If they all get a little squishy for Jemima she explodes (and clearly means it) and Sadie flies onto the floor, only to land on her sister Dixie, who lets fly with so many dog expletives that even the driver’s face turns a shade of tomato.

Make no mistake, the top of the pile has been won fairly and squarely by munchkin Jemima. New dogs Daisy and Indie have both tried their luck and been sent packing to the back, where interdog diplomacy is a much more relaxed affair.

Once Jemima has left the Critter Club to rule her home for the rest of the day, Ruby and Roger make their way from the back, very politely, to have a turn.

The only other given is the dog who would never fight for the front seat but who waits patiently for her opportunity to play driver. Olympic equivalent athlete Bebe just loves to sit in the driver’s seat when dogs are being escorted into their homes. Anyone going past sees a giant black groodle sitting proudly behind the wheel of the parked car, looking straight ahead determinedly, waiting for her opportunity to finally drive. What they don’t see or know is that the high level of ball activity in which she has just partaken has caused her to go and lie in the swamp to cool down. As the driver returns to the vehicle, Bebe returns to the back, the driver sits down and aaaaaaaaaaargh. Wet bum. Delightful. So yes, we do drive them to the park.

Sunday, December 13, 2009

Jemima and The "Musician"

We're bounding along in the park, our usual happy selves, when we hear this sound. It is the sound of someone kicked out of their very own home, the sound of a poor misguided soul practising the saxaphone. Don't get me wrong, there is no sexier instrument than the saxaphone, played well. As one might imagine though, the skill level of someone sent to the park to practise their instrument does not tend to be in the higher range.

So we're all walking along, coping with the discord, all that is, except Jemima, the smallest of the pack. As soon as she becomes aware that her regular sounds of breeze in trees and carolling cockatoos have been disrupted, the little munchkin sprints forth to find the offender and howl him down. By the time we all catch up, the poor confused would-be saxophonist has downed his instrument and is staring in disbelief at this angry ball of fluff.

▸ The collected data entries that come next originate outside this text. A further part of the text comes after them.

(* Let $n$ be a positive integer and let $G$ be a pure $(2n+1)$-sparse gapset of genus $g=3n+2$ with depth $q$. Then $q\le 3$. In particular, if $G$ is pseudo-symmetric, then $q=3$.
   Context: A gapset is a finite set $G\subset\mathbb{N}=\{1,2,\dots\}$ such that whenever $z\in G$ and $z=x+y$ with $x,y\in\mathbb{N}$, then $x\in G$ or $y\in G$; its genus is $g=\#G$. Writing $G=\{\ell_1<\dots<\ell_g\}$: multiplicity $m(G)=\min\{s\in\mathbb{N}:s\notin G\}$; conductor $c(G)=\min\{s\in\mathbb{N}: s+t\notin G\ \forall t\in\mathbb{N}_0\}$; Frobenius number $F(G)=c(G)-1=\ell_g$; depth $q(G)=\lceil c(G)/m(G)\rceil$. $G$ is pseudo-symmetric if $F(G)=2g-2$. $G$ is pure $\kappa$-sparse if $\ell_{i+1}-\ell_i\le\kappa$ for all $i$ with equality for some $i$. *)

theory Defs
  imports Complex_Main
begin

definition gapset :: "nat set \<Rightarrow> bool" where
  "gapset G \<longleftrightarrow> finite G \<and> 0 \<notin> G \<and>
     (\<forall>z\<in>G. \<forall>x y. x \<ge> 1 \<and> y \<ge> 1 \<and> z = x + y \<longrightarrow> x \<in> G \<or> y \<in> G)"

definition genus :: "nat set \<Rightarrow> nat" where
  "genus G = card G"

definition multiplicity :: "nat set \<Rightarrow> nat" where
  "multiplicity G = (LEAST s. s \<ge> 1 \<and> s \<notin> G)"

definition conductor :: "nat set \<Rightarrow> nat" where
  "conductor G = (LEAST s. s \<ge> 1 \<and> (\<forall>t::nat. s + t \<notin> G))"

definition frobenius :: "nat set \<Rightarrow> nat" where
  "frobenius G = conductor G - 1"

definition depth :: "nat set \<Rightarrow> nat" where
  "depth G = nat \<lceil>real (conductor G) / real (multiplicity G)\<rceil>"

definition pseudo_symmetric :: "nat set \<Rightarrow> bool" where
  "pseudo_symmetric G \<longleftrightarrow> int (frobenius G) = 2 * int (genus G) - 2"

text \<open>Elements listed increasingly: l_1 < ... < l_g is sorted_list_of_set G (0-indexed).\<close>
definition pure_sparse :: "nat \<Rightarrow> nat set \<Rightarrow> bool" where
  "pure_sparse \<kappa> G \<longleftrightarrow>
     (let L = sorted_list_of_set G in
       (\<forall>i. i + 1 < length L \<longrightarrow> L ! (i+1) - L ! i \<le> \<kappa>) \<and>
       (\<exists>i. i + 1 < length L \<and> L ! (i+1) - L ! i = \<kappa>))"

end

theory Submission
  imports Defs
begin

text \<open>Let \<open>m\<close> be the multiplicity and \<open>a < b = a + 2n + 1\<close> consecutive elements of \<open>G\<close>.
Since \<open>b - m\<close> would otherwise lie in \<open>G\<close> strictly between \<open>a\<close> and \<open>b\<close>, we get \<open>m \<ge> 2n + 1\<close>.
The Frobenius number of any gapset is at most \<open>2g - 1 = 6n + 3 \<le> 3m\<close>, and \<open>3m \<notin> G\<close>, so
\<open>c \<le> 3m\<close> and \<open>q \<le> 3\<close>. If \<open>G\<close> is pseudo-symmetric then \<open>c = 6n + 3\<close>, and \<open>q = 3\<close> amounts to
\<open>m < g\<close>. Otherwise \<open>G = {1, \<dots>, m - 1} \<union> {F}\<close> with \<open>m = g\<close>, whose only jump
\<open>F - (g - 1) = 3n + 1\<close> is not \<open>2n + 1\<close>.\<close>

lemma gapset_finite: "gapset G \<Longrightarrow> finite G"
  and gapset_zero_notin: "gapset G \<Longrightarrow> 0 \<notin> G"
  unfolding gapset_def by blast+

lemma gapset_add_notin:
  assumes "gapset G" "x \<notin> G" "y \<notin> G" "x \<ge> 1" "y \<ge> 1"
  shows "x + y \<notin> G"
  using assms unfolding gapset_def by blast

lemma gapset_diff_mem:
  assumes "gapset G" "z \<in> G" "s \<notin> G" "s \<ge> 1" "s < z"
  shows "z - s \<in> G"
  using gapset_add_notin[OF assms(1,3), of "z - s"] assms by force

lemma multiplicity_props:
  assumes "gapset G"
  shows multiplicity_ge_1: "multiplicity G \<ge> 1"
    and multiplicity_notin: "multiplicity G \<notin> G"
    and mem_below_multiplicity: "\<And>s. 1 \<le> s \<Longrightarrow> s < multiplicity G \<Longrightarrow> s \<in> G"
proof -
  obtain k where "\<forall>x\<in>G. x \<le> k"
    using gapset_finite[OF assms] finite_nat_set_iff_bounded_le by blast
  then have "Suc k \<ge> 1 \<and> Suc k \<notin> G" by auto
  then have "multiplicity G \<ge> 1 \<and> multiplicity G \<notin> G"
    unfolding multiplicity_def by (rule LeastI)
  then show "multiplicity G \<ge> 1" "multiplicity G \<notin> G" by auto
  show "\<And>s. 1 \<le> s \<Longrightarrow> s < multiplicity G \<Longrightarrow> s \<in> G"
    unfolding multiplicity_def using not_less_Least by blast
qed

lemma mult_multiplicity_notin:
  assumes "gapset G" "k \<ge> 1"
  shows "k * multiplicity G \<notin> G"
proof -
  let ?m = "multiplicity G"
  have "Suc j * ?m \<notin> G" for j
  proof (induction j)
    case 0
    show ?case using multiplicity_notin[OF assms(1)] by simp
  next
    case (Suc j)
    have "Suc j * ?m \<ge> 1" using multiplicity_ge_1[OF assms(1)] by simp
    then have "?m + Suc j * ?m \<notin> G"
      using gapset_add_notin[OF assms(1) multiplicity_notin[OF assms(1)] Suc]
        multiplicity_ge_1[OF assms(1)] by blast
    then show ?case by simp
  qed
  from this[of "k - 1"] show ?thesis using assms(2) by simp
qed

lemma conductor_eq_Suc_Max:
  assumes "gapset G" "G \<noteq> {}"
  shows "conductor G = Max G + 1"
  unfolding conductor_def
proof (rule Least_equality)
  show "1 \<le> Max G + 1 \<and> (\<forall>t. Max G + 1 + t \<notin> G)"
    using Max_ge[OF gapset_finite[OF assms(1)]] by fastforce
next
  fix y assume y: "1 \<le> y \<and> (\<forall>t. y + t \<notin> G)"
  have "Max G \<in> G" using Max_in[OF gapset_finite[OF assms(1)] assms(2)] .
  then have "\<not> y \<le> Max G" using y le_add_diff_inverse by metis
  then show "Max G + 1 \<le> y" by simp
qed


lemma frobenius_eq_Max:
  "gapset G \<Longrightarrow> G \<noteq> {} \<Longrightarrow> frobenius G = Max G"
  by (simp add: frobenius_def conductor_eq_Suc_Max)

text \<open>The map \<open>s \<mapsto> F - s\<close> injects the non-elements below \<open>F\<close> into the elements below \<open>F\<close>.\<close>

lemma Max_less_twice_genus:
  assumes "gapset G" "G \<noteq> {}"
  shows "Max G < 2 * card G"
proof -
  define F where "F = Max G"
  have fin: "finite G" using gapset_finite[OF assms(1)] .
  have FG: "F \<in> G" unfolding F_def using Max_in[OF fin assms(2)] .
  define A where "A = {1..<F}"
  have "(\<lambda>s. F - s) ` (A - G) \<subseteq> A \<inter> G"
    using gapset_diff_mem[OF assms(1) FG] unfolding A_def by fastforce
  moreover have "inj_on (\<lambda>s. F - s) (A - G)"
    unfolding A_def by (rule inj_onI) auto
  ultimately have "card (A - G) \<le> card (A \<inter> G)"
    using card_inj_on_le unfolding A_def by blast
  moreover have "card A = card (A \<inter> G) + card (A - G)"
    unfolding A_def by (metis card_Int_Diff finite_atLeastLessThan)
  moreover have "A \<inter> G \<subseteq> G - {F}" unfolding A_def by auto
  then have "card (A \<inter> G) \<le> card G - 1"
    using card_mono[OF _ \<open>A \<inter> G \<subseteq> G - {F}\<close>] FG fin by simp
  ultimately have "F - 1 \<le> 2 * card G - 2" unfolding A_def by simp
  moreover have "F \<ge> 1" using FG gapset_zero_notin[OF assms(1)] by (cases F) auto
  moreover have "card G \<ge> 1" using FG fin card_0_eq by fastforce
  ultimately show ?thesis unfolding F_def by linarith
qed

lemma depth_le_iff:
  assumes "gapset G"
  shows "depth G \<le> k \<longleftrightarrow> conductor G \<le> k * multiplicity G"
proof -
  have "real (multiplicity G) > 0" using multiplicity_ge_1[OF assms] by simp
  then have "real (conductor G) / real (multiplicity G) \<le> real k
             \<longleftrightarrow> conductor G \<le> k * multiplicity G"
    by (simp add: divide_le_eq flip: of_nat_mult)
  then show ?thesis
    unfolding depth_def by (simp add: ceiling_le_iff nat_le_iff)
qed


definition consecutive_in :: "nat set \<Rightarrow> nat \<Rightarrow> nat \<Rightarrow> bool" where
  "consecutive_in G a b \<longleftrightarrow> a \<in> G \<and> b \<in> G \<and> a < b \<and> (\<forall>x\<in>G. a < x \<longrightarrow> b \<le> x)"

lemma pure_sparse_obtains_consecutive:
  assumes "finite G" "pure_sparse \<kappa> G"
  obtains a where "consecutive_in G a (a + \<kappa>)"
proof -
  define L where "L = sorted_list_of_set G"
  have Ls: "sorted_wrt (<) L" unfolding L_def by (simp add: strict_sorted_list_of_set)
  have Lset: "set L = G" unfolding L_def using assms(1) by simp
  obtain i where i: "i + 1 < length L" "L!(i+1) - L!i = \<kappa>"
    using assms(2) unfolding pure_sparse_def Let_def L_def by blast
  have less: "L!i < L!(i+1)" using sorted_wrt_nth_less[OF Ls, of i "i+1"] i(1) by simp
  have next_le: "L!(i+1) \<le> x" if x: "x \<in> G" "L!i < x" for x
  proof -
    obtain j where j: "j < length L" "L!j = x" using x(1) Lset by (metis in_set_conv_nth)
    have "i < j"
    proof (rule ccontr)
      assume "\<not> i < j"
      then have "L!j \<le> L!i"
        using sorted_wrt_nth_less[OF Ls, of j i] i(1) by (cases "j = i") auto
      then show False using j(2) x(2) by simp
    qed
    then show ?thesis
      using sorted_wrt_nth_less[OF Ls, of "i+1" j] j by (cases "i + 1 = j") auto
  qed
  have "L!i \<in> G" "L!(i+1) \<in> G" using i(1) Lset nth_mem[of _ L] by simp_all
  moreover have "L!(i+1) = L!i + \<kappa>" using less i(2) by simp
  ultimately have "consecutive_in G (L!i) (L!i + \<kappa>)"
    unfolding consecutive_in_def using next_le less by simp
  then show ?thesis by (rule that)
qed

lemma consecutive_diff_le_multiplicity:
  assumes "gapset G" "consecutive_in G a b"
  shows "b - a \<le> multiplicity G"
proof (rule ccontr)
  let ?m = "multiplicity G"
  assume "\<not> b - a \<le> ?m"
  moreover have "b \<in> G" using assms(2) unfolding consecutive_in_def by blast
  ultimately have "b - ?m \<in> G"
    using gapset_diff_mem[OF assms(1) _ multiplicity_notin multiplicity_ge_1] assms(1) by simp
  then have "b \<le> b - ?m"
    using assms(2) \<open>\<not> b - a \<le> ?m\<close> unfolding consecutive_in_def by auto
  then show False using multiplicity_ge_1[OF assms(1)] \<open>\<not> b - a \<le> ?m\<close> by simp
qed

lemma mem_less_multiplicity_if_genus_le:
  assumes "gapset G" "card G \<le> multiplicity G" "x \<in> G" "x \<noteq> Max G"
  shows "x < multiplicity G"
proof (rule ccontr)
  let ?m = "multiplicity G" and ?S = "insert (Max G) (insert x {1..<multiplicity G})"
  have fin: "finite G" using gapset_finite[OF assms(1)] .
  assume "\<not> x < ?m"
  moreover have "Max G \<in> G" "x \<le> Max G" using Max_in[OF fin] Max_ge[OF fin] assms(3) by auto
  ultimately have "card ?S = ?m + 1"
    using assms(4) multiplicity_ge_1[OF assms(1)] by simp
  moreover have "?S \<subseteq> G"
    using \<open>Max G \<in> G\<close> assms(3) mem_below_multiplicity[OF assms(1)] by auto
  then have "card ?S \<le> card G" by (rule card_mono[OF fin])
  ultimately show False using assms(2) by simp
qed

lemma consecutive_jump_if_genus_le_multiplicity:
  assumes "gapset G" "card G \<le> multiplicity G" "consecutive_in G a b" "a + 2 \<le> b"
  shows "a + 1 = multiplicity G" "b = Max G" "card G = multiplicity G"
proof -
  let ?m = "multiplicity G"
  have ab: "a \<in> G" "b \<in> G" "\<And>x. x \<in> G \<Longrightarrow> a < x \<Longrightarrow> b \<le> x"
    using assms(3) unfolding consecutive_in_def by auto
  have "?m \<le> a + 1"
  proof (rule ccontr)
    assume "\<not> ?m \<le> a + 1"
    then have "a + 1 \<in> G" using mem_below_multiplicity[OF assms(1)] by simp
    then show False using ab(3) assms(4) by fastforce
  qed
  show b: "b = Max G"
  proof (rule ccontr)
    assume "b \<noteq> Max G"
    then have "b < ?m" using mem_less_multiplicity_if_genus_le[OF assms(1,2) ab(2)] by simp
    then show False using \<open>?m \<le> a + 1\<close> assms(4) by simp
  qed
  have "a < ?m"
    using mem_less_multiplicity_if_genus_le[OF assms(1,2) ab(1)] assms(4) b by simp
  with \<open>?m \<le> a + 1\<close> show m: "a + 1 = ?m" by simp
  have "G \<subseteq> insert b {1..<?m}"
  proof
    fix x assume "x \<in> G"
    then have "x = b \<or> x < ?m" using mem_less_multiplicity_if_genus_le[OF assms(1,2)] b by blast
    then show "x \<in> insert b {1..<?m}"
      using \<open>x \<in> G\<close> gapset_zero_notin[OF assms(1)] by (cases x) auto
  qed
  moreover have "{1..<?m} \<subseteq> G" using mem_below_multiplicity[OF assms(1)] by auto
  ultimately have "G = insert b {1..<?m}" using ab(2) by blast
  moreover have "card (insert b {1..<?m}) = ?m" using m assms(4) by simp
  ultimately show "card G = ?m" by simp
qed


theorem mainTheorem14:
  fixes n :: nat and G :: "nat set"
  assumes "n \<ge> 1"
    and "gapset G"
    and "pure_sparse (2*n+1) G"
    and "genus G = 3*n+2"
  shows "depth G \<le> 3 \<and> (pseudo_symmetric G \<longrightarrow> depth G = 3)"
proof -
  have g: "card G = 3*n+2" using assms(4) by (simp add: genus_def)
  then have ne: "G \<noteq> {}" by auto
  have c: "conductor G = Max G + 1" using conductor_eq_Suc_Max[OF assms(2) ne] .
  obtain a where jump: "consecutive_in G a (a + (2*n+1))"
    using pure_sparse_obtains_consecutive[OF gapset_finite[OF assms(2)] assms(3)] .
  have m: "2*n+1 \<le> multiplicity G"
    using consecutive_diff_le_multiplicity[OF assms(2) jump] by simp
  have "Max G \<noteq> 3 * multiplicity G"
    using mult_multiplicity_notin[OF assms(2)] Max_in[OF gapset_finite[OF assms(2)] ne] by force
  then have "Max G < 3 * multiplicity G"
    using Max_less_twice_genus[OF assms(2) ne] g m by linarith
  then have depth_le_3: "depth G \<le> 3" using depth_le_iff[OF assms(2)] c by simp
  moreover have "depth G = 3" if "pseudo_symmetric G"
  proof -
    have F: "Max G = 6*n+2"
      using that g frobenius_eq_Max[OF assms(2) ne] by (simp add: pseudo_symmetric_def genus_def)
    have "\<not> card G \<le> multiplicity G"
      using consecutive_jump_if_genus_le_multiplicity[OF assms(2) _ jump] F g assms(1) by force
    then have "\<not> depth G \<le> 2" using depth_le_iff[OF assms(2)] c F g by simp
    then show ?thesis using depth_le_3 by simp
  qed
  ultimately show ?thesis by blast
qed

end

Job done, we move on. Sadsax starts again. I look at Jemima, she looks at me. There's a decision to be made here and I believe she makes the right one. She moves toward me and climbs up my leg. This signals her need for a consoling cuddle. Dutifully I pick her up and begin to snuggle her little head into my neck. But no. No, this is not what she wants. She struggles, forging her little body ever higher until she is virtually standing on my shoulders. And now she fills those little lungs with more warm air than global warming has ever produced and she lets loose. Screaming abuse at the misguided musician, right next to my ear. She didn't want a cuddle at all, she just needed height!